EXERCISE INSTRUCTIONS »
Report how many lines of the listing contain the string "longleftrightarrow", with no other words.

DATASET RECORDS »
▼▼▼
(* Let $\Gamma=(V,E)$ be a finite connected undirected graph and let $(u_{ij})$ be the generators of $C(G_{aut}^+(\Gamma))$. Let $i,j,k,l\in V$ with $d(i,k)=d(j,l)=m$. Let $q\in V$ with $d(j,q)=s$ and $d(q,l)=t$, and suppose that $u_{kl}u_{aq}=u_{aq}u_{kl}$ for all $a\in V$ with $d(a,k)=t$. Then $$u_{ij}u_{kl}=u_{ij}u_{kl}\sum_{p\in V:\ d(l,p)=m,\ d(p,q)=s}u_{ip}.$$ In particular, if $m=2$ and $G_{aut}^+(\Gamma)=G_{aut}^*(\Gamma)$, then for any common neighbor $q$ of $j$ and $l$, $$u_{ij}u_{kl}=u_{ij}u_{kl}\sum_{p\in V:\ d(l,p)=2,\ (p,q)\in E}u_{ip}.$$
   Context: $\Gamma$ is a finite simple connected undirected graph on $V=\{1,\dots,n\}$, $d$ the graph distance. $C(G_{aut}^+(\Gamma))$ is the universal unital $C^*$-algebra generated by $u_{ij}$, $1\le i,j\le n$, with relations: (R1) $u_{ij}=u_{ij}^*=u_{ij}^2$; (R2) $\sum_{l} u_{il}=1=\sum_{l} u_{li}$ for all $i$; (R3) $u_{ij}u_{kl}=u_{kl}u_{ij}=0$ whenever exactly one of $(i,k)\in E$, $(j,l)\in E$ holds. "$G_{aut}^+(\Gamma)=G_{aut}^*(\Gamma)$" means $u_{ij}u_{kl}=u_{kl}u_{ij}$ for all $(i,k)\in E$, $(j,l)\in E$. *)

theory Defs
  imports Complex_Main "HOL-Analysis.Analysis"
begin

definition simple_graph :: "nat \<Rightarrow> (nat \<Rightarrow> nat \<Rightarrow> bool) \<Rightarrow> bool" where
  "simple_graph n E \<longleftrightarrow>
     (\<forall>x y. E x y \<longrightarrow> x \<in> {1..n} \<and> y \<in> {1..n}) \<and>
     (\<forall>x y. E x y \<longrightarrow> E y x) \<and> (\<forall>x. \<not> E x x)"

definition walk_len :: "(nat \<Rightarrow> nat \<Rightarrow> bool) \<Rightarrow> nat \<Rightarrow> nat \<Rightarrow> nat \<Rightarrow> bool" where
  "walk_len E m i j \<longleftrightarrow>
     (\<exists>f :: nat \<Rightarrow> nat. f 0 = i \<and> f m = j \<and> (\<forall>r<m. E (f r) (f (Suc r))))"

definition connected_graph :: "nat \<Rightarrow> (nat \<Rightarrow> nat \<Rightarrow> bool) \<Rightarrow> bool" where
  "connected_graph n E \<longleftrightarrow> (\<forall>i\<in>{1..n}. \<forall>j\<in>{1..n}. \<exists>m. walk_len E m i j)"

definition gdist :: "(nat \<Rightarrow> nat \<Rightarrow> bool) \<Rightarrow> nat \<Rightarrow> nat \<Rightarrow> nat" where
  "gdist E i j = (LEAST m. walk_len E m i j)"

definition cstar_algebra ::
  "(complex \<Rightarrow> 'a::{real_normed_algebra_1,banach} \<Rightarrow> 'a) \<Rightarrow> ('a \<Rightarrow> 'a) \<Rightarrow> bool" where
  "cstar_algebra scC st \<longleftrightarrow>
     (\<forall>x. scC 1 x = x) \<and>
     (\<forall>a b x. scC a (scC b x) = scC (a * b) x) \<and>
     (\<forall>a x y. scC a (x + y) = scC a x + scC a y) \<and>
     (\<forall>a b x. scC (a + b) x = scC a x + scC b x) \<and>
     (\<forall>r x. scC (complex_of_real r) x = scaleR r x) \<and>
     (\<forall>a x y. scC a (x * y) = scC a x * y) \<and>
     (\<forall>a x y. scC a (x * y) = x * scC a y) \<and>
     (\<forall>a x. norm (scC a x) = cmod a * norm x) \<and>
     (\<forall>x. st (st x) = x) \<and>
     (\<forall>x y. st (x + y) = st x + st y) \<and>
     (\<forall>x y. st (x * y) = st y * st x) \<and>
     (\<forall>a x. st (scC a x) = scC (cnj a) (st x)) \<and>
     (\<forall>x. norm (st x * x) = (norm x)\<^sup>2)"

text \<open>A family u satisfying (R1)-(R3) in a C*-algebra. By the universal property,
an identity among the generators holds in C(G_aut^+(Gamma)) iff it holds for every
such family in every unital C*-algebra.\<close>

definition qaut_rep ::
  "nat \<Rightarrow> (nat \<Rightarrow> nat \<Rightarrow> bool) \<Rightarrow> ('a::{real_normed_algebra_1,banach} \<Rightarrow> 'a)
     \<Rightarrow> (nat \<Rightarrow> nat \<Rightarrow> 'a) \<Rightarrow> bool" where
  "qaut_rep n E st u \<longleftrightarrow>
     (\<forall>i\<in>{1..n}. \<forall>j\<in>{1..n}. u i j = st (u i j) \<and> u i j = u i j * u i j) \<and>
     (\<forall>i\<in>{1..n}. (\<Sum>l\<in>{1..n}. u i l) = 1 \<and> (\<Sum>l\<in>{1..n}. u l i) = 1) \<and>
     (\<forall>i\<in>{1..n}. \<forall>j\<in>{1..n}. \<forall>k\<in>{1..n}. \<forall>l\<in>{1..n}.
        E i k \<noteq> E j l \<longrightarrow> u i j * u k l = 0 \<and> u k l * u i j = 0)"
▲▲▲
RESULT OF THE EXERCISE »
5